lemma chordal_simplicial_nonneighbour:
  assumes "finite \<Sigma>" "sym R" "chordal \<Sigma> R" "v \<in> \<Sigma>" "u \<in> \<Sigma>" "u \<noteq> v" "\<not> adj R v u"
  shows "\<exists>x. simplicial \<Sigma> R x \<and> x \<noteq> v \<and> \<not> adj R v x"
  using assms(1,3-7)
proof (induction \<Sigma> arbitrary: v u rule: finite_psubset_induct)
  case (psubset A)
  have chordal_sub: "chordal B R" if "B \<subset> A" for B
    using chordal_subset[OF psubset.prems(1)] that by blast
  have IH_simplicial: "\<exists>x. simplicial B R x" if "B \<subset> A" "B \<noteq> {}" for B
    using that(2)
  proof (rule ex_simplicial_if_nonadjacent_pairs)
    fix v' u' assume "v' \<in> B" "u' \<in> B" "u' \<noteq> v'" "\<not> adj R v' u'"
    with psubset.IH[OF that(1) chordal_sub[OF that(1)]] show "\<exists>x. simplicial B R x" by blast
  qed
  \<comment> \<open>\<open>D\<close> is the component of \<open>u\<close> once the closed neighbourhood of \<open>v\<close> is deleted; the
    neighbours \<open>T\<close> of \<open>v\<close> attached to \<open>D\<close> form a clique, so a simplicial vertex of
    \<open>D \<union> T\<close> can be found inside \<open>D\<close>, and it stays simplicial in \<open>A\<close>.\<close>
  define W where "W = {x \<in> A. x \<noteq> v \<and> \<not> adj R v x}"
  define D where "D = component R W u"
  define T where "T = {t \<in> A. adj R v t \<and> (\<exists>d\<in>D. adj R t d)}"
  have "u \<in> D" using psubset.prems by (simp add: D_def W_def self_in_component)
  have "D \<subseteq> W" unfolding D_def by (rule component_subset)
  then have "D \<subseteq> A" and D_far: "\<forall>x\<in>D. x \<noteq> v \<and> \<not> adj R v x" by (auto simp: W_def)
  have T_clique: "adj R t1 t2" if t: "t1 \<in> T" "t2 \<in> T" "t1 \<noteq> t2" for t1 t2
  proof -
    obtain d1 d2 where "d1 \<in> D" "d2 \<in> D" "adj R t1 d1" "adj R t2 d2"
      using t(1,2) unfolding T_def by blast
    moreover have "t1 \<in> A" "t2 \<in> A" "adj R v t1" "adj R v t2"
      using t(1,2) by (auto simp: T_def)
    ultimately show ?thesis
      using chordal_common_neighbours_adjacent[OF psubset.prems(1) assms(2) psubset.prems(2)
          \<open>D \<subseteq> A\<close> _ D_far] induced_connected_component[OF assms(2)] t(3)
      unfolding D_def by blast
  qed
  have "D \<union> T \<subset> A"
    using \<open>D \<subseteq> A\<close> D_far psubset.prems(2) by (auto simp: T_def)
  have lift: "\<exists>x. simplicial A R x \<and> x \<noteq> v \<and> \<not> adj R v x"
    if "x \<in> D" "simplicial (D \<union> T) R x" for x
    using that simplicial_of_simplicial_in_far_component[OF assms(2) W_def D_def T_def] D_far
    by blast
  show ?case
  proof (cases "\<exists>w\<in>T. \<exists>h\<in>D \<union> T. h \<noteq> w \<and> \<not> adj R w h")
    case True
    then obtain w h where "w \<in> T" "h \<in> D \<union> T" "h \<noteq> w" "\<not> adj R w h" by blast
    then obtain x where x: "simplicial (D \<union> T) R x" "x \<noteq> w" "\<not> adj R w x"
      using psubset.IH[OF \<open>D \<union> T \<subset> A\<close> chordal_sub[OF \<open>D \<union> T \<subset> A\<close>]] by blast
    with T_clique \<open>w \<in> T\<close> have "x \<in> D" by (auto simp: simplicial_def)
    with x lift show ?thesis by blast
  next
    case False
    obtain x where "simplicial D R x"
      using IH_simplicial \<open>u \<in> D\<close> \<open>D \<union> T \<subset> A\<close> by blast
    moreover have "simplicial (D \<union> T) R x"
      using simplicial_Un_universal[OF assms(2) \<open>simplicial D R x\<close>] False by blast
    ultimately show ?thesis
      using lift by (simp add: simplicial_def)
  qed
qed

*Directions*:
Give back exactly the lines starting at the one with "with x lift show ?thesis by blast" and running to the end of the listing. Include both ends.

*Reply*:
    with x lift show ?thesis by blast
  next
    case False
    obtain x where "simplicial D R x"
      using IH_simplicial \<open>u \<in> D\<close> \<open>D \<union> T \<subset> A\<close> by blast
    moreover have "simplicial (D \<union> T) R x"
      using simplicial_Un_universal[OF assms(2) \<open>simplicial D R x\<close>] False by blast
    ultimately show ?thesis
      using lift by (simp add: simplicial_def)
  qed
qed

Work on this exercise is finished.